[Records excerpted from a collection]
- Opening Delimiter -
(* Let $(X,d)$ be a metric space and $\ell:X\to[0,+\infty)$ lower semicontinuous with $\inf_X\ell=0$. For $\lambda>0$ let $u_\lambda$ be the Perron solution of $(\mathcal{G}_\lambda)$. Then for every $\alpha>0$, $u_\lambda\to u_\alpha$ pointwise as $\lambda\to\alpha^-$.
   Context: Global slope: $G[u](x)=\sup_{y\neq x}\frac{(u(x)-u(y))_+}{d(x,y)}$ if $u(x)<+\infty$, $G[u](x)=+\infty$ otherwise. A solution of $(\mathcal{G}_\lambda)$ is a lower semicontinuous $u$ with $\inf_Xu=0$ and $\lambda u+G[u]=\ell$ on $X$; the Perron solution is the solution that is pointwise maximal among all solutions (it exists for every $\lambda>0$). *)

theory Defs
  imports "HOL-Analysis.Analysis"
begin

definition lsc :: "('a::topological_space \<Rightarrow> real) \<Rightarrow> bool" where
  "lsc f \<longleftrightarrow> (\<forall>x. \<forall>t < f x. \<forall>\<^sub>F y in at x. t < f y)"

text \<open>Global slope G[u](x) = sup over y different from x of (u x - u y)_+ / d(x,y),
  valued in the extended reals (empty supremum read as 0).\<close>
definition global_slope :: "('a::metric_space \<Rightarrow> real) \<Rightarrow> 'a \<Rightarrow> ereal" where
  "global_slope u x = Sup (insert 0 ((\<lambda>y. ereal (max (u x - u y) 0 / dist x y)) ` {y. y \<noteq> x}))"

definition is_solution :: "('a::metric_space \<Rightarrow> real) \<Rightarrow> real \<Rightarrow> ('a \<Rightarrow> real) \<Rightarrow> bool" where
  "is_solution l lam u \<longleftrightarrow> lsc u \<and> (INF x. ereal (u x)) = 0 \<and>
     (\<forall>x. ereal (lam * u x) + global_slope u x = ereal (l x))"

definition perron_solution :: "('a::metric_space \<Rightarrow> real) \<Rightarrow> real \<Rightarrow> ('a \<Rightarrow> real) \<Rightarrow> bool" where
  "perron_solution l lam u \<longleftrightarrow> is_solution l lam u \<and>
     (\<forall>v. is_solution l lam v \<longrightarrow> (\<forall>x. v x \<le> u x))"

end

(*
  Call w a lambda-subsolution if lambda w + G[w] <= l, i.e. lambda w <= l and
  w x - w y <= (l x - lambda w x) d(x,y). The Perron solution u_lambda dominates every
  subsolution: the supremum of all subsolutions is again one, and wherever its equation
  were strict, adding a small cone centred at that point would produce a larger
  subsolution (lower semicontinuity of l keeps the cone admissible). A nonnegative
  mu-subsolution is a lambda-subsolution for lambda <= mu, so u_lambda decreases in
  lambda. Its monotone limit as lambda tends to alpha from the left is an
  alpha-subsolution, since the defining inequalities pass to the limit, hence lies below
  u_alpha, while monotonicity gives the reverse inequality.
*)
theory Submission
  imports Defs
begin

lemma tendsto_at_left_INF_antimono:
  fixes f :: "real \<Rightarrow> real"
  assumes "a < b" and antimono: "\<And>s t. a < s \<Longrightarrow> s \<le> t \<Longrightarrow> t < b \<Longrightarrow> f t \<le> f s"
    and bdd: "bdd_below (f ` {a<..<b})"
  shows "(f \<longlongrightarrow> (INF t\<in>{a<..<b}. f t)) (at_left b)"
proof (rule decreasing_tendsto)
  have ne: "{a<..<b} \<noteq> {}"
    using \<open>a < b\<close> by simp
  show "\<forall>\<^sub>F t in at_left b. (INF t\<in>{a<..<b}. f t) \<le> f t"
    using eventually_at_left_real[OF \<open>a < b\<close>] by eventually_elim (rule cINF_lower[OF bdd])
  fix y assume "(INF t\<in>{a<..<b}. f t) < y"
  then obtain s where s: "s \<in> {a<..<b}" "f s < y"
    using cINF_less_iff[OF ne bdd] by blast
  have "\<forall>\<^sub>F t in at_left b. t \<in> {s<..<b}"
    using s by (intro eventually_at_left_real) auto
  then show "\<forall>\<^sub>F t in at_left b. f t < y"
  proof (rule eventually_mono)
    fix t assume "t \<in> {s<..<b}"
    then have "f t \<le> f s"
      using s by (intro antimono) auto
    with s show "f t < y"
      by simp
  qed
qed

definition is_subsolution :: "('a::metric_space \<Rightarrow> real) \<Rightarrow> real \<Rightarrow> ('a \<Rightarrow> real) \<Rightarrow> bool" where
  "is_subsolution l lam w \<longleftrightarrow>
     (\<forall>x. lam * w x \<le> l x \<and> (\<forall>y. w x - w y \<le> (l x - lam * w x) * dist x y))"

lemma global_slope_nonneg: "0 \<le> global_slope u x"
  unfolding global_slope_def by (simp add: Sup_upper)

lemma global_slope_le_iff:
  "global_slope u x \<le> ereal c \<longleftrightarrow> 0 \<le> c \<and> (\<forall>y. u x - u y \<le> c * dist x y)"
proof -
  have "max (u x - u y) 0 / dist x y \<le> c \<longleftrightarrow> u x - u y \<le> c * dist x y"
    if "0 \<le> c" "y \<noteq> x" for y
    using that by (simp add: divide_le_eq)
  then show ?thesis
    unfolding global_slope_def
    by (auto simp: Sup_le_iff) (metis diff_self dist_self mult_zero_right order_refl)
qed

lemma is_subsolution_iff_global_slope_le:
  "is_subsolution l lam w \<longleftrightarrow> (\<forall>x. global_slope w x \<le> ereal (l x - lam * w x))"
  by (auto simp: is_subsolution_def global_slope_le_iff)

lemma is_solution_imp_is_subsolution:
  assumes "is_solution l lam u"
  shows "is_subsolution l lam u"
  unfolding is_subsolution_iff_global_slope_le
proof
  fix x
  have "ereal (lam * u x) + global_slope u x = ereal (l x)"
    using assms by (simp add: is_solution_def)
  with global_slope_nonneg[of u x] show "global_slope u x \<le> ereal (l x - lam * u x)"
    by (cases "global_slope u x") auto
qed

lemma is_subsolution_zero: "(\<And>x. 0 \<le> l x) \<Longrightarrow> is_subsolution l lam (\<lambda>_. 0)"
  by (simp add: is_subsolution_def)

lemma is_subsolution_lsc:
  assumes "is_subsolution l lam w"
  shows "lsc w"
  unfolding lsc_def
proof (intro allI impI)
  fix x t assume t: "t < w x"
  define c where "c = l x - lam * w x"
  have c: "0 \<le> c" and low: "\<And>y. w x - c * dist x y \<le> w y"
    using assms by (auto simp: is_subsolution_def c_def algebra_simps)
  show "\<forall>\<^sub>F y in at x. t < w y"
    unfolding eventually_at
  proof (intro exI[of _ "(w x - t) / (c + 1)"] conjI ballI impI)
    show "0 < (w x - t) / (c + 1)" using t c by simp
    fix y assume "y \<noteq> x \<and> dist y x < (w x - t) / (c + 1)"
    then have "(c + 1) * dist x y < w x - t" using c by (simp add: dist_commute field_simps)
    then show "t < w y" using low[of y] c by (smt (verit) mult_right_mono zero_le_dist)
  qed
qed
- Closing Delimiter -
◆ **EXERCISE DIRECTIONS**: Output only the number of lines in the data above that include the word "unfolding".

◆ **WRITTEN RESPONSE**: 5